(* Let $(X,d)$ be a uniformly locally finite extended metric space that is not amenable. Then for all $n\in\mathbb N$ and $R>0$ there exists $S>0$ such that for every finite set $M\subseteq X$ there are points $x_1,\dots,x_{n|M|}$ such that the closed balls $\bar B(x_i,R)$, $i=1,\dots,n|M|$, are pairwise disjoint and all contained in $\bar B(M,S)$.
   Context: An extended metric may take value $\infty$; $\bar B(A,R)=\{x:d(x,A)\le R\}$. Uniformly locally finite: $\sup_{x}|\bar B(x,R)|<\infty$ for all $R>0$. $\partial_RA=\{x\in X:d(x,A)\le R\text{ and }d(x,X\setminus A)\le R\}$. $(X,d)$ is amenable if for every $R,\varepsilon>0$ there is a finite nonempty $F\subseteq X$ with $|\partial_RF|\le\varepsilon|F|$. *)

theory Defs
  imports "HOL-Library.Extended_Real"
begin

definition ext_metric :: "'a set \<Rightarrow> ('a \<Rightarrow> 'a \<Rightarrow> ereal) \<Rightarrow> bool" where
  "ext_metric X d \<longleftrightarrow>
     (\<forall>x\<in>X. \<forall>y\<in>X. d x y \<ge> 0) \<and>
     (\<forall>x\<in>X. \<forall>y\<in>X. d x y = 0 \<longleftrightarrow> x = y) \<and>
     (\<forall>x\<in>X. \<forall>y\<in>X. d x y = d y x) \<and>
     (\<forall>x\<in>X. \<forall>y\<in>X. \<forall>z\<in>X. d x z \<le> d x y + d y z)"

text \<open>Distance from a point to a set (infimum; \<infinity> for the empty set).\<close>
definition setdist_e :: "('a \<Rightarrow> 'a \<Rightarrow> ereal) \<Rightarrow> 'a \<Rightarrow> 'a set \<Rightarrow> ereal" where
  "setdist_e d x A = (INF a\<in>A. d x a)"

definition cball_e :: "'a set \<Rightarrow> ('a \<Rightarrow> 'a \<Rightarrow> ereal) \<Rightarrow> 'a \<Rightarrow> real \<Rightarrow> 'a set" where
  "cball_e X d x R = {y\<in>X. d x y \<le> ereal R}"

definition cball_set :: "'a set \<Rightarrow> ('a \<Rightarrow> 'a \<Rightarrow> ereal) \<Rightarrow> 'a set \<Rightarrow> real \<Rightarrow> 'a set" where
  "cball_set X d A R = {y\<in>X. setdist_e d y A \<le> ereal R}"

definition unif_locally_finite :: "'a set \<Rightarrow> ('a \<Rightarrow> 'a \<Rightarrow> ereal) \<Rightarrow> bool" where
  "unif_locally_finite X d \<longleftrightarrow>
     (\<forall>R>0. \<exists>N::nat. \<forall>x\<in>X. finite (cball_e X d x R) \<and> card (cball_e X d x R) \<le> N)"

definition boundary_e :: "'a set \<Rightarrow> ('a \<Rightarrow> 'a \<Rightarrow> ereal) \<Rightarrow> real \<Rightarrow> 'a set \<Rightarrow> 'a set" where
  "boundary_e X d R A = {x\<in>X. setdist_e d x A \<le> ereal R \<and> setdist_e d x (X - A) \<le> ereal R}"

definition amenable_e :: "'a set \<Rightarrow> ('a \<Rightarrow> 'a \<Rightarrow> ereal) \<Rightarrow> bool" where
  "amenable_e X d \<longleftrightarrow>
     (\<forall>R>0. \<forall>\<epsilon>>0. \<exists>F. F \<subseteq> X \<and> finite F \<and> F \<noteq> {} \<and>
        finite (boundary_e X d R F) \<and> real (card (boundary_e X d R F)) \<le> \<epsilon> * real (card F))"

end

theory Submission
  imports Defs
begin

----------------------------------------

**WHAT TO DO**. Character for character, output the whole material above.

**EXERCISE OUTPUT**.
(* Let $(X,d)$ be a uniformly locally finite extended metric space that is not amenable. Then for all $n\in\mathbb N$ and $R>0$ there exists $S>0$ such that for every finite set $M\subseteq X$ there are points $x_1,\dots,x_{n|M|}$ such that the closed balls $\bar B(x_i,R)$, $i=1,\dots,n|M|$, are pairwise disjoint and all contained in $\bar B(M,S)$.
   Context: An extended metric may take value $\infty$; $\bar B(A,R)=\{x:d(x,A)\le R\}$. Uniformly locally finite: $\sup_{x}|\bar B(x,R)|<\infty$ for all $R>0$. $\partial_RA=\{x\in X:d(x,A)\le R\text{ and }d(x,X\setminus A)\le R\}$. $(X,d)$ is amenable if for every $R,\varepsilon>0$ there is a finite nonempty $F\subseteq X$ with $|\partial_RF|\le\varepsilon|F|$. *)

theory Defs
  imports "HOL-Library.Extended_Real"
begin

definition ext_metric :: "'a set \<Rightarrow> ('a \<Rightarrow> 'a \<Rightarrow> ereal) \<Rightarrow> bool" where
  "ext_metric X d \<longleftrightarrow>
     (\<forall>x\<in>X. \<forall>y\<in>X. d x y \<ge> 0) \<and>
     (\<forall>x\<in>X. \<forall>y\<in>X. d x y = 0 \<longleftrightarrow> x = y) \<and>
     (\<forall>x\<in>X. \<forall>y\<in>X. d x y = d y x) \<and>
     (\<forall>x\<in>X. \<forall>y\<in>X. \<forall>z\<in>X. d x z \<le> d x y + d y z)"

text \<open>Distance from a point to a set (infimum; \<infinity> for the empty set).\<close>
definition setdist_e :: "('a \<Rightarrow> 'a \<Rightarrow> ereal) \<Rightarrow> 'a \<Rightarrow> 'a set \<Rightarrow> ereal" where
  "setdist_e d x A = (INF a\<in>A. d x a)"

definition cball_e :: "'a set \<Rightarrow> ('a \<Rightarrow> 'a \<Rightarrow> ereal) \<Rightarrow> 'a \<Rightarrow> real \<Rightarrow> 'a set" where
  "cball_e X d x R = {y\<in>X. d x y \<le> ereal R}"

definition cball_set :: "'a set \<Rightarrow> ('a \<Rightarrow> 'a \<Rightarrow> ereal) \<Rightarrow> 'a set \<Rightarrow> real \<Rightarrow> 'a set" where
  "cball_set X d A R = {y\<in>X. setdist_e d y A \<le> ereal R}"

definition unif_locally_finite :: "'a set \<Rightarrow> ('a \<Rightarrow> 'a \<Rightarrow> ereal) \<Rightarrow> bool" where
  "unif_locally_finite X d \<longleftrightarrow>
     (\<forall>R>0. \<exists>N::nat. \<forall>x\<in>X. finite (cball_e X d x R) \<and> card (cball_e X d x R) \<le> N)"

definition boundary_e :: "'a set \<Rightarrow> ('a \<Rightarrow> 'a \<Rightarrow> ereal) \<Rightarrow> real \<Rightarrow> 'a set \<Rightarrow> 'a set" where
  "boundary_e X d R A = {x\<in>X. setdist_e d x A \<le> ereal R \<and> setdist_e d x (X - A) \<le> ereal R}"

definition amenable_e :: "'a set \<Rightarrow> ('a \<Rightarrow> 'a \<Rightarrow> ereal) \<Rightarrow> bool" where
  "amenable_e X d \<longleftrightarrow>
     (\<forall>R>0. \<forall>\<epsilon>>0. \<exists>F. F \<subseteq> X \<and> finite F \<and> F \<noteq> {} \<and>
        finite (boundary_e X d R F) \<and> real (card (boundary_e X d R F)) \<le> \<epsilon> * real (card F))"

end

theory Submission
  imports Defs
begin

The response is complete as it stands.